I decided to hone the cylinder to give an improved surface for the main seal. I have a high end cylinder hone but its minimum diameter is 72 mm so I had no choice but to use a Horror Fright version which would close down small enough.

  Click on photos for full size.

Honing setup. Normally I use recirculating flood honing fluid to remove the refuse but that wasn't practical in this case because it was a blind hole, so I 3/4 filled the cylinder with fluid to at least get the junk away fro the honing surface. It would have been much easier if I had unscrewed the cylinder from the base but it resisted all my efforts to do that. I was concerned that any increased effort would distort the cylinder.



Here is the cylinder after a short bit of honing. The photo doesn't show all the way down inside but that pattern was repeated all the way down. It is obvious that there was a spiral high point around and along the cylinder. This was an even greater shock than finding the surface unfinished. I debated whether to leave well enough alone or continue honing until the spiral was gone. As best that I could I used a bore gauge to determine how much would have to come off to clean it up properly. It looked like I'd have to take about 0.05 mm off the diameter of the high spots to get the surface down to the low spots. I considered that preferable to the spiral so I continued honing. Rapid metal removal is not a strength of the HF hone and I had to hone away for half an hour to get the job done. My estimate of the final diameter was pretty close and I wasn't concerned that the seal would find it too large, on the other hand the seal should be much happier with a round cylinder.

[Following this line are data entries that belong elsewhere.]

lemma symmetric_end_dsum_hom_12_zero:
  fixes rho1 rho2 :: "'a::ring_1 \<Rightarrow> 'k::field mat"
  assumes m1: "is_module scale n1 rho1" and m2: "is_module scale n2 rho2"
    and b1: "brick n1 rho1" and b2: "brick n2 rho2"
    and not_iso: "\<not> iso_mod n1 rho1 n2 rho2"
    and s: "symmetric_alg (end_mod (n1 + n2) (dsum_rep n1 rho1 n2 rho2))"
    and h: "h \<in> hom_mod n1 rho1 n2 rho2"
  shows "h = 0\<^sub>m n2 n1"
proof -
  let ?E = "end_mod (n1 + n2) (dsum_rep n1 rho1 n2 rho2)"
    and ?N = "scalar_corner_block n1 n2 0 (0\<^sub>m n1 n2) h 0"
  note E_iff = end_dsum_bricks_iff[OF m1 m2 b1 b2]
  have hc: "h \<in> carrier_mat n2 n1" using h by (rule hom_mod_carrier)
  have "?N = 0\<^sub>m (n1 + n2) (n1 + n2)"
  proof (rule symmetric_alg_nilpotent_corner_zero[OF s end_dsum_unital[OF m1 m2]])
    show "?N \<in> ?E" using E_iff h zero_mem_hom_mod[OF m2 m1] by blast
    show "scalar_block_diag n1 n2 0 1 \<in> ?E" by (rule scalar_block_diag_mem_end_dsum[OF m1 m2])
    show "scalar_block_diag n1 n2 0 1 * ?N = ?N"
      using hc by (simp add: scalar_block_diag_def scalar_corner_block_mult; simp add: scalar_corner_block_def)
    show "?N * scalar_block_diag n1 n2 0 1 = 0\<^sub>m (n1 + n2) (n1 + n2)"
      using hc by (simp add: scalar_block_diag_def scalar_corner_block_mult)
    show "\<exists>c. ?N * y = c \<cdot>\<^sub>m ?N" if "y \<in> ?E" for y
    proof -
      obtain a B C b where B: "B \<in> hom_mod n2 rho2 n1 rho1" and C: "C \<in> hom_mod n1 rho1 n2 rho2"
        and y: "y = scalar_corner_block n1 n2 a B C b"
        using \<open>y \<in> ?E\<close> E_iff by blast
      have "h * B = 0\<^sub>m n2 n2"
        using nonisomorphic_bricks_hom_comp_zero[OF m1 m2 b1 b2 not_iso B h] by simp
      then have "?N * y = a \<cdot>\<^sub>m ?N"
        using hc hom_mod_carrier[OF B] hom_mod_carrier[OF C] unfolding y
        by (simp add: scalar_corner_block_mult smult_scalar_corner_block;
            simp add: scalar_corner_block_def)
      then show ?thesis by blast
    qed
  qed
  then show ?thesis using hc by (simp add: scalar_corner_block_zero_iff)
qed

The cylinder after honing. Compare to the initial spiral above. A quick test assembly demonstrated a more solid feel to the operation of the jack, previously it had a slight sponginess, that has now gone. In use the main piston seal must have been leaking a bit into the outer chamber, giving the non-solid feel. Tomorrow I'll finish the planned modifications and assemble it back into the press.

It is never good practice to place any body parts under anything only supported by an hydraulic jack, and the findings here only serve to emphasize why.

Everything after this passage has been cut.